WHAT THE EXERCISE ASKS: Please repeat exactly the lines below from the one containing "M (\<lambda>x. 1" down to the one containing "using a f_nonneg g_nonneg by (intro xlnx_ge_minus_one", both included, and nothing else.

GIVEN ENTRIES:

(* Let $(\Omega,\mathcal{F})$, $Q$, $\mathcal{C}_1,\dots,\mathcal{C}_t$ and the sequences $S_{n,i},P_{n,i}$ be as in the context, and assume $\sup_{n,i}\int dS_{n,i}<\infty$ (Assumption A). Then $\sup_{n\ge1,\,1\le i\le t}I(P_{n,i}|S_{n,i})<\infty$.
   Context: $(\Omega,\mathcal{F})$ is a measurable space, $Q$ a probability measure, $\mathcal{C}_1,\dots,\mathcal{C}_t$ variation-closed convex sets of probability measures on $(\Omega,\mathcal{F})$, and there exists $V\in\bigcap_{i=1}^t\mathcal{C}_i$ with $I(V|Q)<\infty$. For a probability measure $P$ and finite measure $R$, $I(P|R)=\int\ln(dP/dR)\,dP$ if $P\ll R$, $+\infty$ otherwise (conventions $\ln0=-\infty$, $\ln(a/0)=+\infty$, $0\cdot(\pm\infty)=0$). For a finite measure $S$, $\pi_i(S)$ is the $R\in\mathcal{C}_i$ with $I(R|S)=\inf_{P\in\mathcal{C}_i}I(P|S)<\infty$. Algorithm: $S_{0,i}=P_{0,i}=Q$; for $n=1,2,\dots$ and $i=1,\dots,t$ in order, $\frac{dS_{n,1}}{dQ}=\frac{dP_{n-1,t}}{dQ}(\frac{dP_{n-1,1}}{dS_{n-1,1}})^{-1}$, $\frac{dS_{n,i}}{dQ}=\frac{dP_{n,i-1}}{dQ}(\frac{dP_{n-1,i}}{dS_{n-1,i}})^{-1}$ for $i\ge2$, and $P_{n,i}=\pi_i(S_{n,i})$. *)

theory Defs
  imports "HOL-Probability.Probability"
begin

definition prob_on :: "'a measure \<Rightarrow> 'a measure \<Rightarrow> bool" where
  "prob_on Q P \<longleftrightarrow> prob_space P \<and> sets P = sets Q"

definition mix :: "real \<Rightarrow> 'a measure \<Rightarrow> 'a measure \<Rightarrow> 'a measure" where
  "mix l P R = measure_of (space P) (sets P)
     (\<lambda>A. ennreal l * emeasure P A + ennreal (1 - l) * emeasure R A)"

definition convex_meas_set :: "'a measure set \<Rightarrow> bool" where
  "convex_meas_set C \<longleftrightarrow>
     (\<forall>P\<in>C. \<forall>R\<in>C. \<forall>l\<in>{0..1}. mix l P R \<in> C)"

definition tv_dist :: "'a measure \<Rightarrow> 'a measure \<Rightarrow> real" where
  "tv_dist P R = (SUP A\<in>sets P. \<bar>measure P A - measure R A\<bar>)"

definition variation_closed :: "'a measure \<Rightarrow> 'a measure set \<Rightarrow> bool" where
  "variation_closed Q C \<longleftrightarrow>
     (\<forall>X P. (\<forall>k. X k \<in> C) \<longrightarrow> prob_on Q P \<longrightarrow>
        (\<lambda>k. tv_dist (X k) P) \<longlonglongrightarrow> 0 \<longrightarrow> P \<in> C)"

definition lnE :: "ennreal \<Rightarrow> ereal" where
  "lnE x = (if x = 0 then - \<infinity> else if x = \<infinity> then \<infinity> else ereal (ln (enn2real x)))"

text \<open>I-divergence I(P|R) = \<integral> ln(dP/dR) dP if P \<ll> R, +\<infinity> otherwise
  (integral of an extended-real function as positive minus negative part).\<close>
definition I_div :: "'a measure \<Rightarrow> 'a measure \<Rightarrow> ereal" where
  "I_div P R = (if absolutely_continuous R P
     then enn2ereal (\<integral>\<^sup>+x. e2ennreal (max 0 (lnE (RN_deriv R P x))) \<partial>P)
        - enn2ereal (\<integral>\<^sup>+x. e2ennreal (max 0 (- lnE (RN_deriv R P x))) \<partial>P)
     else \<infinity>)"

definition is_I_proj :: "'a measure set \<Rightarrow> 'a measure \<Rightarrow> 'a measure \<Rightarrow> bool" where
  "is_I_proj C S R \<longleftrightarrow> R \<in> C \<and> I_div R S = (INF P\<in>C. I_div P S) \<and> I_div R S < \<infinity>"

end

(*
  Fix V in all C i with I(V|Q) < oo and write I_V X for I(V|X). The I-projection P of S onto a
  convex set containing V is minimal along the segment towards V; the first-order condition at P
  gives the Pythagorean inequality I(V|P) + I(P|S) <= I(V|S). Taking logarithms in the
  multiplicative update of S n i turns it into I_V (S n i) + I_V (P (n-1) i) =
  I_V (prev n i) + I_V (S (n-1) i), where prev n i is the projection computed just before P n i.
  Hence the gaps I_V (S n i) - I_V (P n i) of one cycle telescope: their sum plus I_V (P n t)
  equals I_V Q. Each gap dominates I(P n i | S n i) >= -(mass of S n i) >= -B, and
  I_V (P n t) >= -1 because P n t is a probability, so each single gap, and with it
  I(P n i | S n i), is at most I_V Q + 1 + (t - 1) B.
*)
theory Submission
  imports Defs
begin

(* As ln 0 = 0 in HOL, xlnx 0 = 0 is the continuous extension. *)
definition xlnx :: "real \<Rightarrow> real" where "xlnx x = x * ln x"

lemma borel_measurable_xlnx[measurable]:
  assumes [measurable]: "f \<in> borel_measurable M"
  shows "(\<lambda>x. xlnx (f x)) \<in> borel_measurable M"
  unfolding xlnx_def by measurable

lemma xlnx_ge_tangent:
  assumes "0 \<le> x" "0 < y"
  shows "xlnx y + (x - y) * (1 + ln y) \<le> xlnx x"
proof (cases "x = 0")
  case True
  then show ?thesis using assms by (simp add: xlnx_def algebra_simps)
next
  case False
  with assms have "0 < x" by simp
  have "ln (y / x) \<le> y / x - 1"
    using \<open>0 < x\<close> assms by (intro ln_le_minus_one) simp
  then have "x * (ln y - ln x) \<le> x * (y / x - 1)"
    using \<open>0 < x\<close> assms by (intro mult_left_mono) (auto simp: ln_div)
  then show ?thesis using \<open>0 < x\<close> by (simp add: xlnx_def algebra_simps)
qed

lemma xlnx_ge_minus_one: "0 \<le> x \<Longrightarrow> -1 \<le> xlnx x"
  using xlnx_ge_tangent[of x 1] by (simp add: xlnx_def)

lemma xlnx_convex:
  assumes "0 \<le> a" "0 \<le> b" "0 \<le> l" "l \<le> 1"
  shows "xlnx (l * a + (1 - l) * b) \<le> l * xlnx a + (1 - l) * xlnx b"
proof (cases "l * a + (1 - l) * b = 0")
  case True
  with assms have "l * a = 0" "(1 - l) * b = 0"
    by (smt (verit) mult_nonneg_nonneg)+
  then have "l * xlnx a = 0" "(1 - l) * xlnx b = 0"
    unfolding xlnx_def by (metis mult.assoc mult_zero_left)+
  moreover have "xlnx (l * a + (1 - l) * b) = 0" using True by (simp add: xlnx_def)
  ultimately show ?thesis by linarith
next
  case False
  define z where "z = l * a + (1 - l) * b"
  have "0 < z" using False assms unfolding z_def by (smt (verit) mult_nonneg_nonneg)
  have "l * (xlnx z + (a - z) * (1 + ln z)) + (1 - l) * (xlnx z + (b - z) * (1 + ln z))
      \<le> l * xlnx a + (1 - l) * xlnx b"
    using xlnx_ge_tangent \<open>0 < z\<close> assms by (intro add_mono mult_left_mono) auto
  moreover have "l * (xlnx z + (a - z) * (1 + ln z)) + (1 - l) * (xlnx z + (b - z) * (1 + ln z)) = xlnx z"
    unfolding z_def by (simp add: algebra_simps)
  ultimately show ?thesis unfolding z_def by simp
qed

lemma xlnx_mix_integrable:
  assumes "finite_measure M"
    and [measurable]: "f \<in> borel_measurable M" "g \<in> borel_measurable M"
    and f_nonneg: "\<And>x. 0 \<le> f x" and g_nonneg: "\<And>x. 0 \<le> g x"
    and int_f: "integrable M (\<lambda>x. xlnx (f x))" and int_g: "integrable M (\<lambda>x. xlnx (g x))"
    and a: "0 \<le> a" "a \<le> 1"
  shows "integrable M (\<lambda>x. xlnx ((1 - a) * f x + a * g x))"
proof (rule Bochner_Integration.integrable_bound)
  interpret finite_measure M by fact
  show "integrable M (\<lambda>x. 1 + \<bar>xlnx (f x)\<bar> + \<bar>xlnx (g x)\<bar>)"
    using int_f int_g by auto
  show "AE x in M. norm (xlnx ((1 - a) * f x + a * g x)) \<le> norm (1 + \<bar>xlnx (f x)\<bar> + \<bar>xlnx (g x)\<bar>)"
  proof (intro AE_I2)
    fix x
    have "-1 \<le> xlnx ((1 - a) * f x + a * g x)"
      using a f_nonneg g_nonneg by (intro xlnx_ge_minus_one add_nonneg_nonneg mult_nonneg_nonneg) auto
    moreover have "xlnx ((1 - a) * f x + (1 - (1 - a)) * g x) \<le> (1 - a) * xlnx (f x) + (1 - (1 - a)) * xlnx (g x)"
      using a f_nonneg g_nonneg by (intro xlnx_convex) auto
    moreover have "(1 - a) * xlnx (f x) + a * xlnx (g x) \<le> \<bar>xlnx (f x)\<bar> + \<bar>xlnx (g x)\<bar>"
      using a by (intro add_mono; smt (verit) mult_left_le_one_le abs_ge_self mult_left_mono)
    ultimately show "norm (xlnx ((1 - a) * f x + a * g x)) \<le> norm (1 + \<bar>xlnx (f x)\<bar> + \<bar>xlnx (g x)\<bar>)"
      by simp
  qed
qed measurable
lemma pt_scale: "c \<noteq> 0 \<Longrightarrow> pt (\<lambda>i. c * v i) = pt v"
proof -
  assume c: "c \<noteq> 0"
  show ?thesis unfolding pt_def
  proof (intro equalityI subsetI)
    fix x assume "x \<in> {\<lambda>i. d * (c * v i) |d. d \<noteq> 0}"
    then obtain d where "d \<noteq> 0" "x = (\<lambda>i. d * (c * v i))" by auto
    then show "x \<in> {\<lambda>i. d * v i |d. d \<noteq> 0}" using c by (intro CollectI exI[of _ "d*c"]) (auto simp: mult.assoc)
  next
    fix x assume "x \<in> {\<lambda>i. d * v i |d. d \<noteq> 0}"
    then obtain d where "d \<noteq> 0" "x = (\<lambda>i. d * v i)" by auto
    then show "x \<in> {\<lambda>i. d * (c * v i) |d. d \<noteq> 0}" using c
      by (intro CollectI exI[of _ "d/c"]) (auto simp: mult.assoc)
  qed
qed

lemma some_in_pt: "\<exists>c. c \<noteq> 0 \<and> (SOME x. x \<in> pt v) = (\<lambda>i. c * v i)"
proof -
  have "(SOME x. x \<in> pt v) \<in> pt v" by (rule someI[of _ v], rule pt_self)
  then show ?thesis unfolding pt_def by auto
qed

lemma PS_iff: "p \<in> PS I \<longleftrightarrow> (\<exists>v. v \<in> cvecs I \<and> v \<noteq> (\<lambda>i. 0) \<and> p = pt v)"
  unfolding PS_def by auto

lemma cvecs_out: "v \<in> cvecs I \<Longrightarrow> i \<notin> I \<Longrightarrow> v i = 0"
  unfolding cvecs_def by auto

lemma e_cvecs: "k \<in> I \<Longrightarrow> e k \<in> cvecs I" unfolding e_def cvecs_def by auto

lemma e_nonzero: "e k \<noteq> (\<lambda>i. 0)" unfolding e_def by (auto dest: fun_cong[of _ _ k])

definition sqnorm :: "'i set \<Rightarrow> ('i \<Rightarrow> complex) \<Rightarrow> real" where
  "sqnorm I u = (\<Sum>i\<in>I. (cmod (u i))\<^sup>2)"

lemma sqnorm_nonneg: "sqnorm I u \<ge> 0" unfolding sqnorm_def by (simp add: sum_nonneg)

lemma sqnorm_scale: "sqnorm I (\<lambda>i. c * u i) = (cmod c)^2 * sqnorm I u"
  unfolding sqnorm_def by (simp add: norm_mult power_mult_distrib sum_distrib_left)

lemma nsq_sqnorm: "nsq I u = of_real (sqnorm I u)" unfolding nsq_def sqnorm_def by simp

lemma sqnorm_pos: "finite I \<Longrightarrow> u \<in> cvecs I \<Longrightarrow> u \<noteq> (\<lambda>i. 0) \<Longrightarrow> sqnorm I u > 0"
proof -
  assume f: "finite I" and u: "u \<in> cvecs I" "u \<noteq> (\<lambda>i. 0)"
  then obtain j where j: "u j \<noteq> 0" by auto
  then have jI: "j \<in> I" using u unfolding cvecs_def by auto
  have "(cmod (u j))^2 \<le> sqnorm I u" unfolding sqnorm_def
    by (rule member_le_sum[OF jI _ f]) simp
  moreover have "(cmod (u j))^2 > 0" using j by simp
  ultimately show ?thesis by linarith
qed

RESPONSE FOR THIS EXERCISE:
  show "integrable M (\<lambda>x. 1 + \<bar>xlnx (f x)\<bar> + \<bar>xlnx (g x)\<bar>)"
    using int_f int_g by auto
  show "AE x in M. norm (xlnx ((1 - a) * f x + a * g x)) \<le> norm (1 + \<bar>xlnx (f x)\<bar> + \<bar>xlnx (g x)\<bar>)"
  proof (intro AE_I2)
    fix x
    have "-1 \<le> xlnx ((1 - a) * f x + a * g x)"
      using a f_nonneg g_nonneg by (intro xlnx_ge_minus_one add_nonneg_nonneg mult_nonneg_nonneg) auto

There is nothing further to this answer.